(* Let $b \in \{2,3,4,\ldots\}$, let $c$ be a real root of an integer (i.e. $c^j \in \mathbb{Z}$ for some integer $j \geq 1$), and let $u>1$ be a real number such that there exist integers $h \geq 1$, $\ell$, a number $\hat c$, and four Laurent polynomials $p_1,p_2,p_3,p_4$ in a variable $x$ with integer coefficients and only finitely many nonzero coefficients, satisfying: \begin{enumerate} \item $p_1(u) = \sum_{k \in \mathbb Z} b_k u^k = 1/b$; \item $p_2(u) = \sum_{k \in \mathbb Z} c_k u^k = c$; \item $p_3(u) = \sum_{k=0,-1,\ldots,-h+1} d_k u^k = 0$ with $d_0=1$; \item $p_4(u) = \sum_{k \in \mathbb Z} e_k u^k = 0$ with $e_\ell > \sum_{k \neq \ell} |e_k|$. \end{enumerate} Assume furthermore that $\hat c > 3|e_\ell|$ and that for every Laurent polynomial $p = \sum_{k=-m}^{n} a_k x^k$ with integer coefficients satisfying $|a_k| \leq 3|e_\ell|$ for all $k$, the following algorithm $C$ satisfies the termination condition below. Algorithm $C$: set $k = n+h$ (with $a_{k'}=0$ for $k'>n$ and $k'<-m$); while $k > -m$ and $|a_{k'}| \leq \hat c$ for all $k' \in \{k,k-1,\ldots,k-h+1\}$, replace $p$ by $p - a_k \cdot p_3(x)\cdot x^k$ (updating the coefficients $a_{k'}$ of $p$ accordingly) and then set $k=k-1$. Termination condition: whenever $C$ stops at some $k > -m$ with some $|a_{k'}| > \hat c$ for some $k' \in \{k,\ldots,k-h+1\}$, then $$\Big|\sum_{k'=k,k-1,\ldots,k-h+1} u^{k'} a_{k'}\Big| > \frac{u^{k-h}}{1-u^{-1}} \cdot 3|e_\ell|.$$ Then, with $$S = \Big\{\sum_{k=-m}^{n} a_k u^k : m,n \in \mathbb N,\ a_k \in \mathbb Z,\ |a_k| < |e_\ell|\Big\}$$ (each element given as the word $k \mapsto a_k$ on $\{-m,\ldots,n\}$ and interpreted as the real number $\sum_k a_k u^k$), every member of $\mathbb{D}_b[c]$ is represented by some element of $S$, and the structure $(S,+,<,=;\cdot)$ has automatic addition and automatic comparisons $<,=$ and semiautomatic multiplication. Moreover, it is a dense subset of the reals and so forms a semiautomatic grid.
   Context: $\mathbb{D}_b = \{n/b^m : n,m \in \mathbb Z\}$ and $\mathbb{D}_b[c]$ is the subring of $\mathbb R$ generated by $\mathbb D_b$ and $c$. Words are functions from a finite subset (here an interval) of $\mathbb Z$ to a finite alphabet $\Sigma$. The convolution of words $w_1,\ldots,w_r$ is the word on $\bigcup_i dom(w_i)$ whose symbol at position $h$ is the tuple $(w_1'(h),\ldots,w_r'(h))$, where $w_i'(h)=w_i(h)$ if defined and $w_i'(h)=\#$ (a new padding symbol) otherwise. A relation $R$ on represented elements is automatic iff the set of convolutions of tuples of words whose represented values are in $R$ is regular (recognised by a finite automaton); a function $f$ is automatic iff the set of convolutions of $(x_1,\ldots,x_r,y)$ with $f(x_1,\ldots,x_r)=y$ (on represented values) is regular. A binary function such as multiplication is semiautomatic iff for every fixed value of one argument, the resulting unary function of the other argument is automatic. In the structure $(S,+,<,=;\cdot)$, the operations before the semicolon are required to be automatic and those after the semicolon only semiautomatic. A semiautomatic grid is such a semiautomatic ring $(A,+,=,<;\cdot)$ whose elements represent real numbers forming a dense subring of $\mathbb R$. *)

theory Defs
  imports Complex_Main
begin

type_synonym 'b word = "int \<Rightarrow> 'b option"

definition wdom :: "'b word \<Rightarrow> int set" where
  "wdom w = {k. w k \<noteq> None}"

definition is_word :: "'b word \<Rightarrow> bool" where
  "is_word w \<longleftrightarrow> finite (wdom w)"

text \<open>Convolution of a list of words; the padding symbol # is None.\<close>
definition conv :: "'b word list \<Rightarrow> ('b option list) word" where
  "conv ws = (\<lambda>h. if (\<exists>w\<in>set ws. w h \<noteq> None) then Some (map (\<lambda>w. w h) ws) else None)"
(* There exists a constant $C_\xi>0$ depending only on $\xi$ such that for every $\beta>0$, $$\beta x_\beta(q)\le\frac{C_\xi}{\xi(1)-\xi(q)}\quad\text{for all }q\in[0,1).$$
   Context: For $N\ge1$ let $S_N=\{\sigma\in\mathbb R^N:\sum_i\sigma_i^2=N\}$, $m_N$ the uniform probability measure on $S_N$. Let $(\gamma_p)_{p\ge2}$ be real with $\sum_{p\ge2}2^p\gamma_p^2<\infty$, $h\in\mathbb R$, $\xi(s)=\sum_{p\ge2}\gamma_p^2s^p$; $X_N(\sigma)=\sum_{p\ge2}\gamma_pN^{-(p-1)/2}\sum_{i_1,\dots,i_p=1}^N g_{i_1,\dots,i_p}\sigma_{i_1}\cdots\sigma_{i_p}$ with i.i.d. standard Gaussians $g$, and $H_N(\sigma)=X_N(\sigma)+h\sum_i\sigma_i$. For $\beta>0$ let $\xi_\beta=\beta^2\xi$, $h_\beta=\beta h$, $\mathcal M$ the set of distribution functions $x$ on $[0,1]$ with $x(\hat q)=1$ for some $\hat q<1$, $\hat x(q)=\int_q^1x$, and $\mathcal Q_\beta(x)=\frac12\big(\int_0^1(\xi'_\beta(q)+h_\beta^2)x(q)dq+\int_0^{\hat q}\frac{dq}{\hat x(q)}+\log(1-\hat q)\big)$ (any $\hat q<1$ with $x(\hat q)=1$). It is known that $\lim_N\mathbb E\frac1N\log\int_{S_N}e^{\beta H_N}dm_N=\inf_{\mathcal M}\mathcal Q_\beta$ and that this infimum is attained at a unique $x_\beta\in\mathcal M$. *)

theory Defs
  imports "HOL-Analysis.Analysis"
begin

definition xi :: "(nat \<Rightarrow> real) \<Rightarrow> real \<Rightarrow> real" where
  "xi gam s = (\<Sum>p. (gam (p + 2))\<^sup>2 * s ^ (p + 2))"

# # # # #

_Brief_
Using the material above, transcribe exactly the lines from the line with "imports Complex_Main" to the line with "word list \<Rightarrow>"; both count, and nothing else goes in.

_Answer for the task_
  imports Complex_Main
begin

type_synonym 'b word = "int \<Rightarrow> 'b option"

definition wdom :: "'b word \<Rightarrow> int set" where
  "wdom w = {k. w k \<noteq> None}"

definition is_word :: "'b word \<Rightarrow> bool" where
  "is_word w \<longleftrightarrow> finite (wdom w)"

text \<open>Convolution of a list of words; the padding symbol # is None.\<close>
definition conv :: "'b word list \<Rightarrow> ('b option list) word" where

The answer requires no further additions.